Brokers' take: Lendlease Global Reit a top Orchard Road recovery play for DBS

https://www.businesstimes.com.sg/co...reit-a-top-orchard-road-recovery-play-for-dbs

DBS Group Research on Thursday maintained Lendlease Global Commercial Reit (Lendlease Global Reit) as its top pick for an Orchard Road recovery play due to attractive risk-to-reward perspective.

The research team believes Lendlease Global Reit is "best leveraged" to deliver stronger metrics given its higher concentration in retail segments with greater upside potential. These segments are food and beverage, luxury, health and beauty, and IT and electronics.

Between Starhill Global Reit and SPH Reit, DBS prefers the former due to its discounted valuation and higher-income visibility from master and anchor leases.

Starhill Global Reit's valuation - which appears to be low - is justified by a shorter lease term remaining of about 45 years compared with the 84 to 91-year range for its peers, DBS said.

On the same note, recovery is priced in at about S$4,450 price per square foot for SPH Reit's Paragon mall. The research team also noted potential downside earnings from the potential non-renewal at the Metro department store in the coming few years.
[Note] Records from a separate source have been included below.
lemma sens_le_if_uniformly_proximal:
  assumes dg: "digraph_on N E" and p: "0 < p" and prox: "uniformly_proximal N E h p"
  shows "sens N E \<le> ereal (real (Suc h) / p)"
  unfolding sens_def
proof (rule SUP_least)
  fix A assume A: "A \<in> {A. A \<in> carrier_mat N N \<and> mat_sup_entry A \<le> 1}"
  define B where "B = mat_inv N (M_mat N E)"
  define b where "b = hadamard (H_mat N E) A *\<^sub>v vec N (\<lambda>_. 1)"
  have det: "det (M_mat N E) \<noteq> 0"
    by (rule det_M_mat_nonzero[OF dg p prox])
  have B: "B \<in> carrier_mat N N" "M_mat N E * B = 1\<^sub>m N"
    unfolding B_def by (rule mat_inv_right_inverse[OF M_mat_carrier det])+
  have b: "b \<in> carrier_vec N"
    unfolding b_def hadamard_def carrier_vec_def H_mat_def by simp
  have sol: "M_mat N E *\<^sub>v (B *\<^sub>v b) = b"
    using assoc_mult_mat_vec[OF M_mat_carrier B(1) b, symmetric] B(2) b by simp
  have "\<bar>(B *\<^sub>v b) $ i\<bar> \<le> real (Suc h) * 1 / p" if "i < N" for i
    using abs_M_mat_solution_le[OF dg p prox mult_mat_vec_carrier[OF B(1) b] sol _ zero_le_one that]
      abs_hadamard_H_mat_row_sum_le[OF dg] A unfolding b_def by auto
  then have "vec_sup_norm (B *\<^sub>v b) \<le> real (Suc h) / p"
    using p B(1) by (intro vec_sup_norm_le) auto
  then show "ereal (vec_sup_norm (mat_inv N (M_mat N E) *\<^sub>v
      (hadamard (H_mat N E) A *\<^sub>v vec N (\<lambda>_. 1)))) \<le> ereal (real (Suc h) / p)"
    unfolding B_def[symmetric] b_def[symmetric] by simp
qed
DBS said its valuations for Orchard Road mall Reits "remain undemanding" and at a discount to sector average at 0.97 times price to net asset value. All three Orchard Road plays are trading at a current 30-80 basis point yield premium to the sector average of 5.8 per cent.

The research team has also noted that Orchard Road malls' shopper traffic and tenant sales lag the broader retail index, where sales have narrowed to pre-Covid-19 levels in December 2020.

"However, we believe that the trend will narrow, driven by various festivities in Q1 2021," DBS said.

It has a "buy" call for Lendlease Global Reit with a target price of S$0.90. The research team also has "hold" calls for both Starhill Global Reit and SPH Reit, with target prices of S$0.55 and S$0.80 respectively.

As at the midday trading break on Thursday, Lendlease Global Reit units were trading 3.1 per cent or 2.5 Singapore cents lower at 78.5 cents, Starhill Global Reit units were trading 2 per cent or S$0.01 higher at S$0.52, while units of SPH Reit were trading 1.2 per cent or S$0.01 lower at S$0.82.